● **DATA SUPPLIED**:
-=-=-=-=-

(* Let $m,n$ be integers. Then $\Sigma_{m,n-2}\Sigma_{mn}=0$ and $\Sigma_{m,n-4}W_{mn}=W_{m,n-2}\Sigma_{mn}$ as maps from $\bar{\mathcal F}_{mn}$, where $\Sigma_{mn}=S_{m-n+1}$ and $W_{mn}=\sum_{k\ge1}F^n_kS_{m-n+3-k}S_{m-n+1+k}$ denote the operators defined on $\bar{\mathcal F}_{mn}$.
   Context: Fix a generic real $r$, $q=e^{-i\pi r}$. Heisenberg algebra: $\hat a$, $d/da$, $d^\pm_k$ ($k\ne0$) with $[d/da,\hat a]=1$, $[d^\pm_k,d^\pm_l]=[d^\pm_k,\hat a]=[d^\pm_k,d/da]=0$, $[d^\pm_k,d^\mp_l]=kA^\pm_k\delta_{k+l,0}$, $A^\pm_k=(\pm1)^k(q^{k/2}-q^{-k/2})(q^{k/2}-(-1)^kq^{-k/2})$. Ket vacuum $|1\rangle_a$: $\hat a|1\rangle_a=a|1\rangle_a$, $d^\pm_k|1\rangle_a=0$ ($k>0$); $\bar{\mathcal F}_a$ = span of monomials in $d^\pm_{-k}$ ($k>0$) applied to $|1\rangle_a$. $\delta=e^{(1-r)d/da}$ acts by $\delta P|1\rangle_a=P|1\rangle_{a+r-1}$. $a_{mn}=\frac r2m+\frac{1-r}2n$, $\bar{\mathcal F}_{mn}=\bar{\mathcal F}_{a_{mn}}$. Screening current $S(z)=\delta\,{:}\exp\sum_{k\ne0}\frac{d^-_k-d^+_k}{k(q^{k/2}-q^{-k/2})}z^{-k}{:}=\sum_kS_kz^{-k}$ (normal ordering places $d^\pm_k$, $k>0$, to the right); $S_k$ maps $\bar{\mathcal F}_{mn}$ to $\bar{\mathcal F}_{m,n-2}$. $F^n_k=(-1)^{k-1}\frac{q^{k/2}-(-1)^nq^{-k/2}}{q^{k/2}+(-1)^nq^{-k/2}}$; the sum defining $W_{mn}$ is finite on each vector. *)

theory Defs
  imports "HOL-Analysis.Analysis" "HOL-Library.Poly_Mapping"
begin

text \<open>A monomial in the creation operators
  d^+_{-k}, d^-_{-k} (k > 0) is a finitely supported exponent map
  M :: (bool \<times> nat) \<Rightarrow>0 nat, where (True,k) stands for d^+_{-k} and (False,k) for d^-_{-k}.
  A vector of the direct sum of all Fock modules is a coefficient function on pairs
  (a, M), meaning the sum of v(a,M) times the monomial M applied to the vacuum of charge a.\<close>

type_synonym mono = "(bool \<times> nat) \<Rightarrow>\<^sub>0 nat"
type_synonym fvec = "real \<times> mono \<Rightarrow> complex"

-=-=-=-=-

● **EXERCISE PROMPT**:
Using the material above, restate each entry exactly as it stands.

● **SOLUTION TO THIS TASK**:
(* Let $m,n$ be integers. Then $\Sigma_{m,n-2}\Sigma_{mn}=0$ and $\Sigma_{m,n-4}W_{mn}=W_{m,n-2}\Sigma_{mn}$ as maps from $\bar{\mathcal F}_{mn}$, where $\Sigma_{mn}=S_{m-n+1}$ and $W_{mn}=\sum_{k\ge1}F^n_kS_{m-n+3-k}S_{m-n+1+k}$ denote the operators defined on $\bar{\mathcal F}_{mn}$.
   Context: Fix a generic real $r$, $q=e^{-i\pi r}$. Heisenberg algebra: $\hat a$, $d/da$, $d^\pm_k$ ($k\ne0$) with $[d/da,\hat a]=1$, $[d^\pm_k,d^\pm_l]=[d^\pm_k,\hat a]=[d^\pm_k,d/da]=0$, $[d^\pm_k,d^\mp_l]=kA^\pm_k\delta_{k+l,0}$, $A^\pm_k=(\pm1)^k(q^{k/2}-q^{-k/2})(q^{k/2}-(-1)^kq^{-k/2})$. Ket vacuum $|1\rangle_a$: $\hat a|1\rangle_a=a|1\rangle_a$, $d^\pm_k|1\rangle_a=0$ ($k>0$); $\bar{\mathcal F}_a$ = span of monomials in $d^\pm_{-k}$ ($k>0$) applied to $|1\rangle_a$. $\delta=e^{(1-r)d/da}$ acts by $\delta P|1\rangle_a=P|1\rangle_{a+r-1}$. $a_{mn}=\frac r2m+\frac{1-r}2n$, $\bar{\mathcal F}_{mn}=\bar{\mathcal F}_{a_{mn}}$. Screening current $S(z)=\delta\,{:}\exp\sum_{k\ne0}\frac{d^-_k-d^+_k}{k(q^{k/2}-q^{-k/2})}z^{-k}{:}=\sum_kS_kz^{-k}$ (normal ordering places $d^\pm_k$, $k>0$, to the right); $S_k$ maps $\bar{\mathcal F}_{mn}$ to $\bar{\mathcal F}_{m,n-2}$. $F^n_k=(-1)^{k-1}\frac{q^{k/2}-(-1)^nq^{-k/2}}{q^{k/2}+(-1)^nq^{-k/2}}$; the sum defining $W_{mn}$ is finite on each vector. *)

theory Defs
  imports "HOL-Analysis.Analysis" "HOL-Library.Poly_Mapping"
begin

text \<open>A monomial in the creation operators
  d^+_{-k}, d^-_{-k} (k > 0) is a finitely supported exponent map
  M :: (bool \<times> nat) \<Rightarrow>0 nat, where (True,k) stands for d^+_{-k} and (False,k) for d^-_{-k}.
  A vector of the direct sum of all Fock modules is a coefficient function on pairs
  (a, M), meaning the sum of v(a,M) times the monomial M applied to the vacuum of charge a.\<close>

type_synonym mono = "(bool \<times> nat) \<Rightarrow>\<^sub>0 nat"
type_synonym fvec = "real \<times> mono \<Rightarrow> complex"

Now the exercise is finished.